A direção da Saúde Pública em Bucareste

 

Resumo:

“Trabalho por turnos” é considerado como fator de risco para manifestações clínicas, doenças crônicas e acidentes, sem a necessidade de uma entidade patológica profissional definido como o ponto final (ponto final). O autor informa sobre as abordagens recentes para o médico-científico e os resultados comunicados aos temas de investigação e vigilância epidemiológica para a profilaxia individualizada e prevenção ocupacional, com os modernos meios, organizacionais, tecnológicos, terapêutico.

Palavras-chave: mudança de local de trabalho, riscos ocupacionais, doenças crônicas

Resumo:

Trabalho em turnos é considerado um fator de risco para o clínico e funcional de distúrbios, doenças crônicas e acidentes, sem ter um profissional entidade patológica definida como um ponto de extremidade. O autor informa sobre o médico recente e abordagens científicas e comunicados os resultados de ampla pesquisa e inquéritos epidemiológicos temas para individualizada profilaxia ocupacional e de prevenção com o moderno, organizacional, tecnológica, recursos terapêuticos.

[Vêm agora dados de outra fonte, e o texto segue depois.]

lemma chordal_component_with_clique_boundary:
  assumes G: "simple_graph V E" and ch: "chordal V E"
    and v: "v \<in> V" and a0: "a0 \<in> V" "a0 \<noteq> v" "\<not> adj E v a0"
  obtains A S where "a0 \<in> A" "A \<subseteq> V" "S \<subseteq> V" "v \<notin> A \<union> S"
    "\<forall>a\<in>A. \<not> adj E v a" "\<forall>a\<in>A. \<forall>c. adj E a c \<longrightarrow> c \<in> A \<union> S"
    "\<forall>s\<in>S. \<forall>t\<in>S. s \<noteq> t \<longrightarrow> adj E s t"
proof -
  define far where "far = {a \<in> V. a \<noteq> v \<and> \<not> adj E v a}"
  define R where "R x y \<longleftrightarrow> adj E x y \<and> x \<in> far \<and> y \<in> far" for x y
  define A where "A = {a. R\<^sup>*\<^sup>* a0 a}"
  define S where "S = {s \<in> V - A. \<exists>a\<in>A. adj E a s}"
  have "a0 \<in> far" using a0 by (simp add: far_def)
  then have A_far: "A \<subseteq> far"
    unfolding A_def by (auto elim: rtranclp.cases simp: R_def)
  have boundary: "adj E a c \<Longrightarrow> a \<in> A \<Longrightarrow> c \<in> A \<union> S" for a c
    using adj_in_vertices[OF G] by (auto simp: S_def)
  have S_nbr: "adj E v s" if "s \<in> S" for s
  proof (rule ccontr)
    assume "\<not> adj E v s"
    obtain a where a: "a \<in> A" "adj E a s" "s \<in> V" "s \<notin> A" using \<open>s \<in> S\<close> by (auto simp: S_def)
    then have "s \<noteq> v" using A_far by (auto simp: far_def adj_sym)
    then have "R a s" using a A_far \<open>\<not> adj E v s\<close> by (auto simp: R_def far_def)
    then show False using a unfolding A_def by (auto intro: rtranclp.rtrancl_into_rtrancl)
  qed
  have clique: "\<forall>s\<in>S. \<forall>t\<in>S. s \<noteq> t \<longrightarrow> adj E s t"
  proof (intro ballI impI)
    fix s t assume st: "s \<in> S" "t \<in> S" "s \<noteq> t"
    obtain a1 a2 where a: "a1 \<in> A" "adj E s a1" "a2 \<in> A" "adj E a2 t"
      using st by (auto simp: S_def adj_sym)
    have "symp R" by (auto simp: symp_def R_def adj_sym)
    then have "R\<^sup>*\<^sup>* a1 a0"
      using a(1) sympD[OF symp_rtranclp] unfolding A_def by (metis mem_Collect_eq)
    then have "R\<^sup>*\<^sup>* a1 a2"
      using a(3) unfolding A_def by simp
    then obtain w where w: "successively R w" "w \<noteq> []" "hd w = a1" "last w = a2"
        "\<forall>z\<in>set w. R\<^sup>*\<^sup>* a1 z"
      by (rule rtranclp_imp_walk)
    have wA: "set w \<subseteq> A" using w(5) a(1) unfolding A_def by auto
    have "successively (adj E) w" using successively_mono[OF w(1)] by (auto simp: R_def)
    then show "adj E s t"
      using chordal_adj_if_linked_outside_neighbourhood[OF G ch S_nbr[OF st(1)] S_nbr[OF st(2)]
          st(3)]
        w(2-4) a(2,4) wA A_far by (auto simp: far_def)
  qed
  have "v \<notin> A \<union> S" using A_far S_nbr adj_irrefl[OF G] by (auto simp: far_def)
  moreover have "a0 \<in> A" "S \<subseteq> V" by (auto simp: A_def S_def)
  moreover have "A \<subseteq> V" "\<forall>a\<in>A. \<not> adj E v a" using A_far by (auto simp: far_def)
  ultimately show ?thesis
    using that[of A S] boundary clique by blast
qed

lemma exists_simplicial_nonadjacent:
  assumes "simple_graph V E" "chordal V E" "v \<in> V" "a0 \<in> V" "a0 \<noteq> v" "\<not> adj E v a0"
  shows "\<exists>s\<in>V. s \<noteq> v \<and> \<not> adj E v s \<and> simplicial E s"
  using assms
proof (induction "card V" arbitrary: V E v a0 rule: less_induct)
  case less
  note G = less.prems(1) and ch = less.prems(2)
  obtain A S where A: "a0 \<in> A" "A \<subseteq> V" "S \<subseteq> V" "v \<notin> A \<union> S" "\<forall>a\<in>A. \<not> adj E v a"
    and closed: "\<forall>a\<in>A. \<forall>c. adj E a c \<longrightarrow> c \<in> A \<union> S"
    and S: "\<forall>s\<in>S. \<forall>t\<in>S. s \<noteq> t \<longrightarrow> adj E s t"
    using chordal_component_with_clique_boundary[OF G ch less.prems(3-6)] by blast
  define W where "W = A \<union> S"
  define E' where "E' = induced_edges E W"
  have WV: "W \<subseteq> V" using A by (simp add: W_def)
  then have smaller: "card W < card V"
    using A(4) less.prems(3) G by (metis W_def psubsetI psubset_card_mono simple_graph_def)
  have G': "simple_graph W E'" and ch': "chordal W E'"
    unfolding E'_def using simple_graph_induced_edges[OF G WV] chordal_induced_edges[OF ch WV] .
  have lift: "s \<in> V \<and> s \<noteq> v \<and> \<not> adj E v s \<and> simplicial E s" if "s \<in> A" "simplicial E' s" for s
    using that A closed simplicial_induced_edgesD[of E W s] by (auto simp: E'_def W_def)
  show ?case
  proof (cases "\<forall>w\<in>W. \<forall>b\<in>W. b \<noteq> w \<longrightarrow> adj E' w b")
    case True
    then have "simplicial E' a0" by (auto simp: simplicial_def E'_def adj_induced_edges)
    then show ?thesis using lift A(1) by blast
  next
    case False
    then obtain w b where wb: "w \<in> W" "b \<in> W" "b \<noteq> w" "\<not> adj E' w b" by blast
    obtain s1 where s1: "s1 \<in> W" "s1 \<noteq> w" "\<not> adj E' w s1" "simplicial E' s1"
      using less.hyps[OF smaller G' ch' wb] by blast
    obtain s2 where s2: "s2 \<in> W" "s2 \<noteq> s1" "\<not> adj E' s1 s2" "simplicial E' s2"
      using less.hyps[OF smaller G' ch' s1(1) wb(1) s1(2)[symmetric]] s1(3) adj_sym by metis
    \<comment> \<open>S is a clique, so one of the two nonadjacent simplicial vertices lies in A.\<close>
    have "s1 \<in> A \<or> s2 \<in> A"
      using s1(1) s2(1-3) S by (auto simp: W_def E'_def adj_induced_edges)
    then show ?thesis using lift s1(4) s2(4) by blast
  qed
qed

lemma exists_simplicial:
  assumes G: "simple_graph V E" and ch: "chordal V E" and "V \<noteq> {}"
  shows "\<exists>s\<in>V. simplicial E s"
proof (cases "\<exists>v\<in>V. \<exists>a\<in>V. a \<noteq> v \<and> \<not> adj E v a")
  case True
  then show ?thesis using exists_simplicial_nonadjacent[OF G ch] by blast
next
  case False
  obtain v where "v \<in> V" using \<open>V \<noteq> {}\<close> by blast
  moreover have "simplicial E v"
    using False adj_in_vertices[OF G] unfolding simplicial_def by metis
  ultimately show ?thesis by blast
qed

Palavras-chave: mudança de local de trabalho, riscos ocupacionais, doenças crônicas

 

Introdução

Na prática habitual, o dia é dividido em turnos, definindo os períodos em que diferentes grupos de trabalhadores executarem suas tarefas (tarefa de definir e/ou negociado). A organização do trabalho em turnos é uma prática de envolvimento se pretende utilizar ou prestar os serviços em todas as 24 horas do dia durante toda a semana para marcar o tempo (24/7). O termo trabalho em turnos (MS) inclui ambos os turnos de noite para um longo período de tempo, e de horários de trabalho em que os funcionários alterar ou girar, distinguindo-se da organização da guarda, do programa de trabalho irregular ou flexível, o programa individualizado. Os termos usados no modo de corrente, “tempo de trabalho”, “trabalho por turnos”, “quebra o diário e semanal” têm definições regulamentado na Roménia, por lei nenhuma. 53/2003 atualizado em 2017 (código do trabalho) [1], que assume e transpõe a Directiva 2003/88/CE [2] ce estabelece requisitos mínimos comuns sobre o tempo de trabalho para a segurança e saúde dos trabalhadores em todos os estados-membros; os mínimos requisitos europeus [2] incluir a restrição do tempo de trabalho (máximo de 48 horas por semana, em média, incluindo horas extras), no mínimo, períodos de descanso diários e semanais (mínimo de 11 horas consecutivas de descanso diário e de 35 horas ininterruptas de descanso a cada semana), licença anual paga (pelo menos, 4 semanas por ano), uma protecção adicional para a noite de trabalhadores [2].

 

Definições aplicadas

Na arte. 136 [1] é estabelecido que o trabalho por turnos qualquer modo de organização do plano de trabalho, segundo a qual os funcionários se sucedem na mesma estação de trabalho, de acordo com um determinado programa, incluindo o programa de rotação, e que pode ser de tipo contínuo ou não, envolvendo ao trabalhador a necessidade de realização de uma atividade em intervalos de tempo diferentes a partir de um período diário ou semanal, conforme determinado pelo contrato individual de trabalho; o empregado em troca é qualquer empregado cujo horário de trabalho é parte do programa de trabalho em turnos.

A legislação permite que uma negociação entre o empregado e o empregador (embora a Roménia não usar a ferramenta de “opt-out” como um direito do trabalhador), de modo a que os objectivos económicos dos dois parceiros a serem alcançados, com um impacto supervisionado de cuidados médicos sobre a saúde e o bem-estar do trabalhador. Assim, o artigo. 111 é estabelecida a definição legal do tempo de trabalho – “o tempo de trabalho significa qualquer período em que o empregado executa o trabalho, está à disposição do empregador e cumpra os seus deveres e tarefas, de acordo com as disposições do contrato individual de trabalho, coletivo de contrato de trabalho, aplicável e/ou da legislação em vigor”, enquanto o artigo. 115 observa-se que a duração especial de trabalho de tempo pode ser definido para determinados sectores de actividade, unidades ou profissões, através de negociação coletiva ou individual, seja através de legislação específica, pode ser apreciado com uma duração de tempo de trabalho diário mais ou menos de 8 horas, caso em que, se a duração do tempo de trabalho diário é de 12 horas ela vai ser seguido por um período de descanso obrigatório de 24 horas; mesmo no caso da desigualdade de trabalho não é permitido exceder o total de 40 horas por semana [1]. Ressalta-se que estes cálculos (algoritmo) para um empregador, onde o trabalhador tiver um ou mais contratos individuais de trabalho, contratos individuais de trabalho, com diferentes empregadores, pemițând uma abordagem que é mais diverso e variado, tanto como a duração e como uma organização individual de adaptação e flexibilidade a ser fornecido pelos regulamentos europeus [2,3].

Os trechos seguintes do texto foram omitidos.